Before the penalty phase of Allen's trial began, the prosecutor informed the trial court that he was aware Allen would serve, at most, seventy years in prison due to the sentencing cap imposed by KRS 532.110(1)(c). However, the Commonwealth argued that the jury should be permitted to impose a sentence in excess of that limit in order to "send a message." The trial judge agreed, and the jury received no instructions on the seventy-year cap. As a result, the jury recommended that Allen serve six twenty-year sentences (for three counts of rape, and one count each of sodomy, kidnapping, and burglary) and two five-year sentences (for one count each of sexual abuse and tampering with physical evidence), with all sentences to run consecutively for a total of 130 years in prison. Despite this recommendation, at the final sentencing on August 15, 2007, the trial court reduced Allen's sentence in accordance with KRS 532.110(1)(c) and imposed a term of seventy years. On appeal, Allen requests that if this Court reverses his conviction based on his jury selection argument, a jury in any subsequent proceeding be instructed as to the seventy-year cap. Finding that the trial court erred in failing to instruct the jury on this sentencing cap, and having already granted Allen a new trial, we agree that the jury in any subsequent trial should be instructed on the statutory seventy-year sentencing limit.

KRS 532.055(2) governs how a jury sentences felony offenders after returning a guilty verdict, stating that the jury is to "determine the punishment to be imposed within the range provided elsewhere by law." One sentencing range "provided elsewhere by law" that applies to felony offenders and that limits their total sentence is found in KRS 532.110(1)(c). KRS 532.110(1)(c) states that "multiple sentences shall run concurrently or consecutively as the court shall determine at the time of sentence," and that "[i]n no event shall the aggregate of consecutive indeterminate terms exceed 70 years." According to these statutes, Allen was subject to a maximum sentence of seventy years in prison. In running all his sentences consecutively, however, the jury recommended that he serve 130 years in prison.

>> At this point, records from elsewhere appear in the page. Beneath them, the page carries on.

(* Let $X \subseteq \mathbb{Z}^d$ be a finite lattice-convex set, let $H$ be a hiding set for $X$, and assume there exists $h \in H \setminus \mathrm{obs}(X)$. Then, for every $y \in \mathrm{obs}(X) \cap \mathrm{conv}(\{h\} \cup X)$, the set $(H \setminus \{h\}) \cup \{y\}$ is a hiding set for $X$. In particular, there is a maximum size hiding set for $X$ contained in $\mathrm{obs}(X)$.
   Context: A set $X \subseteq \mathbb{Z}^d$ is lattice-convex if $\mathrm{conv}(X) \cap \mathbb{Z}^d = X$. An observer of $X$ is a point $z \in \mathbb{Z}^d \setminus X$ such that $\mathrm{conv}(X \cup \{z\}) \cap \mathbb{Z}^d = X \cup \{z\}$; $\mathrm{obs}(X)$ is the set of observers. A set $H \subseteq (\mathrm{aff}(X) \cap \mathbb{Z}^d) \setminus X$ is a hiding set for $X$ if for all distinct $x,y \in H$ one has $\mathrm{conv}(\{x,y\}) \cap \mathrm{conv}(X) \ne \emptyset$. *)

theory Defs
  imports "HOL-Analysis.Analysis"
begin

definition lattice :: "(real ^ 'd) set" where
  "lattice = {x. \<forall>i. x $ i \<in> \<int>}"

definition lattice_convex :: "(real ^ 'd) set \<Rightarrow> bool" where
  "lattice_convex X \<longleftrightarrow> X \<subseteq> lattice \<and> convex hull X \<inter> lattice = X"

definition obs :: "(real ^ 'd) set \<Rightarrow> (real ^ 'd) set" where
  "obs X = {z \<in> lattice - X. convex hull (insert z X) \<inter> lattice = insert z X}"

definition hiding_set :: "(real ^ 'd) set \<Rightarrow> (real ^ 'd) set \<Rightarrow> bool" where
  "hiding_set X H \<longleftrightarrow> H \<subseteq> (affine hull X \<inter> lattice) - X \<and>
     (\<forall>x\<in>H. \<forall>y\<in>H. x \<noteq> y \<longrightarrow> convex hull {x, y} \<inter> convex hull X \<noteq> {})"

end

theory Submission
  imports Defs
begin

text \<open>
  Exchanging \<open>h\<close> for \<open>y \<in> conv (insert h X)\<close> preserves the hiding property by Pasch's
  axiom: if the segment \<open>[x, h]\<close> meets \<open>conv X\<close>, so does \<open>[x, y]\<close>. Every lattice point
  \<open>h \<notin> X\<close> has an observer in \<open>conv (insert h X)\<close>: a lattice point \<open>z \<notin> X\<close> there whose hull
  \<open>conv (insert z X)\<close> contains the fewest lattice points. This observer is not already in a
  hiding set containing \<open>h\<close>, since a segment from it to \<open>h\<close> through \<open>conv X\<close> would put it into
  \<open>conv X\<close>. Hiding sets have bounded size: if \<open>conv X\<close> lies in the ball of radius \<open>B\<close>, at most
  two of their points lie outside the ball of radius \<open>8 B\<close>, because two such far points whose
  segment passes through the small ball point in nearly opposite directions, and no three
  directions are pairwise nearly opposite. So the non-observers of a maximum hiding set can be
  exchanged one at a time for observers.
\<close>

lemma finite_lattice_Int_bounded:
  assumes "bounded S"
  shows "finite (lattice \<inter> S)"
proof -
  obtain M where M: "\<And>x. x \<in> S \<Longrightarrow> norm x \<le> M"
    using assms by (auto simp: bounded_iff)
  have "lattice \<inter> S \<subseteq> vec_lambda ` (UNIV \<rightarrow>\<^sub>E {r \<in> \<int>. -M \<le> r \<and> r \<le> M})"
  proof
    fix x assume x: "x \<in> lattice \<inter> S"
    have "norm x \<le> M"
      using M x by blast
    then have "-M \<le> x $ i \<and> x $ i \<le> M" for i
      using component_le_norm_cart[of x i] by (auto simp: abs_le_iff)
    with x have "vec_nth x \<in> UNIV \<rightarrow>\<^sub>E {r \<in> \<int>. -M \<le> r \<and> r \<le> M}"
      by (auto simp: lattice_def)
    then show "x \<in> vec_lambda ` (UNIV \<rightarrow>\<^sub>E {r \<in> \<int>. -M \<le> r \<and> r \<le> M})"
      by (rule rev_image_eqI) (simp add: vec_nth_inverse)
  qed
  then show ?thesis
    by (rule finite_subset) (simp add: finite_PiE finite_int_segment)
qed

lemma finite_convex_hull_Int_lattice:
  assumes "finite S"
  shows "finite (convex hull S \<inter> lattice)"
  using finite_lattice_Int_bounded[of "convex hull S"] assms
  by (simp add: Int_commute compact_imp_bounded finite_imp_compact_convex_hull)

lemma finite_card_le_2_if_no_three_distinct:
  assumes "\<And>x y z. x \<in> S \<Longrightarrow> y \<in> S \<Longrightarrow> z \<in> S \<Longrightarrow> x \<noteq> y \<Longrightarrow> y \<noteq> z \<Longrightarrow> x \<noteq> z \<Longrightarrow> False"
  shows "finite S \<and> card S \<le> 2"
proof (rule ccontr)
  assume not_le_2: "\<not> (finite S \<and> card S \<le> 2)"
  obtain T where "T \<subseteq> S" "card T = 3"
  proof (cases "finite S")
    case True
    with not_le_2 have "3 \<le> card S"
      by simp
    then show ?thesis
      using that obtain_subset_with_card_n by metis
  next
    case False
    then show ?thesis
      using that infinite_arbitrarily_large by metis
  qed
  then show False
    using assms by (auto simp: card_3_iff)
qed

Allen is correct that this recommendation violated the plain language of KRS 532.055(2) and KRS 532.110(1)(c). Thus, the trial court erred in failing to instruct the jury on the maximum allowable sentence under the statutes. Because we have already held that Allen is entitled to a reversal of his convictions and a new trial, we direct that the jury in any subsequent proceeding be instructed as to the sentencing cap set forth in KRS 532.110(1)(c).

CONCLUSION

During voir dire, Juror 39 stated that he may have already come to a conclusion in Allen's case. Because this statement indicated that Juror 39 would not be impartial in rendering a verdict, it was unreasonable and an abuse of discretion for the trial court to deny Allen's motion to strike Juror 39 for cause. Furthermore, the trial court also erred by failing to instruct the jury as to the sentencing limit imposed by KRS 532.110(1)(c). Allen's conviction and sentence as set forth in the August 15, 2007 Judgment of the Jefferson Circuit Court are hereby reversed and this case is remanded for subsequent proceedings not inconsistent with this opinion.

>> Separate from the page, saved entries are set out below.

(* Let $p\in[1,\infty)$, $w$ a weight sequence, and let $A\subset L_{p,w}$ be bounded in $\|\cdot\|_{p,w}$ and equinormed with respect to $\{\|\cdot\|_{p,w,i}\}_{i\in\mathbb{N}}$. Then $$\forall\varepsilon>0\ \exists N\in\mathbb{N}\ \forall a\in A\ \forall i\ge N:\ \|(a_{i+1},a_{i+2},\dots)\|_{p,w}^p<\varepsilon.$$
   Context: A weight sequence is a sequence $w=(w_i)$ of positive reals with $w_1=1\ge w_2\ge\dots$, $w_i\to0$, and $\sum_i w_i=+\infty$. For a real sequence $a$, $\|a\|_{p,w}=\sup_{\sigma}\big(\sum_{i=1}^\infty |a_{\sigma_i}|^p w_i\big)^{1/p}$ over all permutations $\sigma$ of $\mathbb{N}$; $L_{p,w}$ is the set of real sequences with finite norm. $\|a\|_{p,w,i}=\|(a_1,\dots,a_i,0,0,\dots)\|_{p,w}$. $A$ is equinormed if $\forall\varepsilon>0\ \exists i\ \forall a\in A:\ \|a\|_{p,w}\le\|a\|_{p,w,i}+\varepsilon$. *)

theory Defs
  imports "HOL-Analysis.Analysis"
begin

text \<open>Sequences are indexed from 0: the paper's a_1, a_2, ... is a 0, a 1, ...\<close>

definition weight_seq :: "(nat \<Rightarrow> real) \<Rightarrow> bool" where
  "weight_seq w \<longleftrightarrow> (\<forall>i. w i > 0) \<and> w 0 = 1 \<and> decseq w \<and> w \<longlonglongrightarrow> 0
     \<and> \<not> summable w"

MINTON, C.J.; CUNNINGHAM, NOBLE, SCHRODER, and VENTERS, JJ., concur. SCOTT J., concurs by separate opinion.


Concurring Opinion by Justice SCOTT.

I concur in result with the majority's opinion, as I am bound to follow precedent as I did in Fugett v. Commonwealth, 250 S.W.3d 604 (Ky. 2008). However, I must point out that Shane v. Commonwealth, 243 S.W.3d 336 (Ky. 2007) and Thomas v. Commonwealth, 864 S.W.2d 252 (Ky. 1993), again causes us to reverse a conviction solely on the illusory grounds that the trial was unfair. Remember, the juror we are arguing about and for which we reverse this case, did not even sit on the jury. So, how was the trial unfair or the verdict unreliable? The structural error principle of Thomas, barring applications of harmless error, never made sense to me and still does not. See Morgan v. Commonwealth, 189 S.W.3d 99, 104 (Ky. 2006) ( overruled by Shane, 243 S.W.3d 336). Hopefully, someday we can put Thomas back where it belongs, R.I.P.